Barrio of Puerto Rico

Isla de Mona e Islote Monito is an island-barrio of Mayagüez, Puerto Rico. The U.S. census of 2000 reports six housing units, but a population of zero. The barrio is made up of the islands of Mona and Monito. In 2010, there was a population of 5. This is the largest barrio of Mayagüez by area. The total land area of both islands in the barrio is about 56.93 km^{2} (Mona Island 56.783 km^{2} and nearby Monito Island 0.147 km^{2}), and it comprises 28.3 percent of the total land area of the municipality of Mayagüez. Desecheo Island, 49 km to the northeast, is part of Sabanetas barrio. The Mona Island Lighthouse is located in the barrio.
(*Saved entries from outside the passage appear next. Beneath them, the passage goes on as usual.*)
section \<open>Refutations in HAR\<close>

lemma refH_foldl_Or_neg_atoms:
  assumes neg: "\<forall>l\<in>set (n # ns). \<exists>a b. l = Neg (Eps a b)"
  shows "refH a0 (foldl Or n ns)"
proof -
  have "provH (Imp (nsubst (\<lambda>_. a0) (foldl Or n ns)) (Neg (Eps a0 a0)))"
  proof (rule provH_if_valid)
    fix w
    have "\<not> holds (\<lambda>_ _. w a0 a0) l" if "l \<in> set (n # ns)" "w a0 a0" for l
      using neg that by auto
    moreover have "lits l = {l}" if "l \<in> set (n # ns)" for l
      using neg that by auto
    ultimately show "holds w (Imp (nsubst (\<lambda>_. a0) (foldl Or n ns)) (Neg (Eps a0 a0)))"
      using holds_iff_lits[of _ "foldl Or n ns"] by (auto simp: holds_nsubst lits_foldl_Or)
  qed
  then have "refH a0 (nsubst (\<lambda>_. a0) (foldl Or n ns))"
    using refH.r_negatom by (rule refH.r_mp)
  then show ?thesis
    by (rule refH.r_subst) simp
qed

lemma refH_foldl_Or_atoms:
  assumes "refH a0 X" "hintikka_clause X" "\<forall>x\<in>set xs. \<exists>a b. x = Eps a b \<and> \<not> neg_atoms X a b"
  shows "refH a0 (foldl Or X xs) \<and> hintikka_clause (foldl Or X xs) \<and> lits (foldl Or X xs) = lits X \<union> set xs"
  using assms
proof (induct xs arbitrary: X)
  case (Cons x xs)
  then obtain a b where x: "x = Eps a b" and new: "\<not> neg_atoms X a b" by auto
  have ld: "lit_disj X"
    using Cons.prems(2) unfolding hintikka_clause_def by blast
  have ldx: "lit_disj (Or X (Eps a b))"
    using ld by (auto intro: lit_disj.intros)
  have "refH a0 (Or X (Eps a b))"
    using refH.r_ext[OF hintikka_clause_hintikka[OF Cons.prems(2)] ld Cons.prems(1)] new
    by (simp add: neg_atoms_def)
  moreover have neg: "neg_atoms (Or X (Eps a b)) = neg_atoms X"
    by (auto simp: fun_eq_iff lit_disj_neg_atoms_iff[OF ld] lit_disj_neg_atoms_iff[OF ldx])
  moreover have "hintikka_clause (Or X (Eps a b))"
    using Cons.prems(2) new ldx unfolding hintikka_clause_def neg by auto
  ultimately show ?case
    using Cons.hyps[of "Or X (Eps a b)"] Cons.prems(3) x by auto
qed simp

section \<open>Completeness\<close>

lemma unprovable_closed_countermodel:
  assumes "\<not> provH A"
  obtains S where "eps_closed S" "\<not> holds S A"
    "\<And>a b. S a b \<Longrightarrow> a \<in> set (names A) \<and> b \<in> set (names A)"
proof -
  let ?N = "names A"
  define Gs where "Gs = [Imp (Eps a b) (Eps a a). a \<leftarrow> ?N, b \<leftarrow> ?N]
     @ [Imp (And (Eps a b) (Eps b c)) (Eps a c). a \<leftarrow> ?N, b \<leftarrow> ?N, c \<leftarrow> ?N]
     @ [Imp (And (Eps a b) (Eps b b)) (Eps b a). a \<leftarrow> ?N, b \<leftarrow> ?N]"
  have "\<forall>G\<in>set Gs. provH G"
    unfolding Gs_def by (auto intro: provH.intros)
  then obtain w where wG: "\<forall>G\<in>set Gs. holds w G" and wA: "\<not> holds w A"
    using provH_if_consequence assms by blast
  define S where "S a b \<longleftrightarrow> a \<in> set ?N \<and> b \<in> set ?N \<and> w a b" for a b
  have ax1: "Imp (Eps a b) (Eps a a) \<in> set Gs" if "a \<in> set ?N" "b \<in> set ?N" for a b
    using that unfolding Gs_def by auto
  have ax2: "Imp (And (Eps a b) (Eps b c)) (Eps a c) \<in> set Gs"
    if "a \<in> set ?N" "b \<in> set ?N" "c \<in> set ?N" for a b c
    using that unfolding Gs_def by auto
  have ax3: "Imp (And (Eps a b) (Eps b b)) (Eps b a) \<in> set Gs" if "a \<in> set ?N" "b \<in> set ?N" for a b
    using that unfolding Gs_def by auto
  have "w a a" if "a \<in> set ?N" "b \<in> set ?N" "w a b" for a b
    using bspec[OF wG ax1[OF that(1,2)]] that(3) by simp
  moreover have "w a c" if "a \<in> set ?N" "b \<in> set ?N" "c \<in> set ?N" "w a b" "w b c" for a b c
    using bspec[OF wG ax2[OF that(1-3)]] that(4,5) by simp
  moreover have "w b a" if "a \<in> set ?N" "b \<in> set ?N" "w a b" "w b b" for a b
    using bspec[OF wG ax3[OF that(1,2)]] that(3,4) by simp
  ultimately have "eps_closed S"
    unfolding eps_closed_def S_def by blast
  moreover have "\<not> holds S A"
    using wA holds_cong[of A S w] by (simp add: S_def)
  ultimately show thesis
    by (rule that) (simp add: S_def)
qed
Isla de Mona e Islote Monito is surrounded by the Mona Passage.

Historical population
| Census | Pop. | Note | %± |
| 1900 | 6 |  | — |
| 1910 | 28 |  | 366.7% |
| 1920 | 35 |  | 25.0% |
| 1930 | 35 |  | 0.0% |
| 1940 | 156 |  | 345.7% |
| 1950 | 3 |  | −98.1% |
| 1960 | 0 |  | −100.0% |
| 1970 | 6 |  | — |
| 1980 | 0 |  | −100.0% |
| 1990 | 0 |  | — |
| 2000 | 0 |  | — |
| 2010 | 5 |  | — |
U.S. Decennial Census 1899 (shown as 1900) 1910-1930 1930-1950 1980-2000 2010

==History==
Isla de Mona e Islote Monito were in Spain's gazetteers until Puerto Rico was ceded by Spain in the aftermath of the Spanish–American War under the terms of the Treaty of Paris of 1898 and became an unincorporated territory of the United States. In 1899, the United States Department of War conducted a census of Puerto Rico finding that the population of Mona was 6.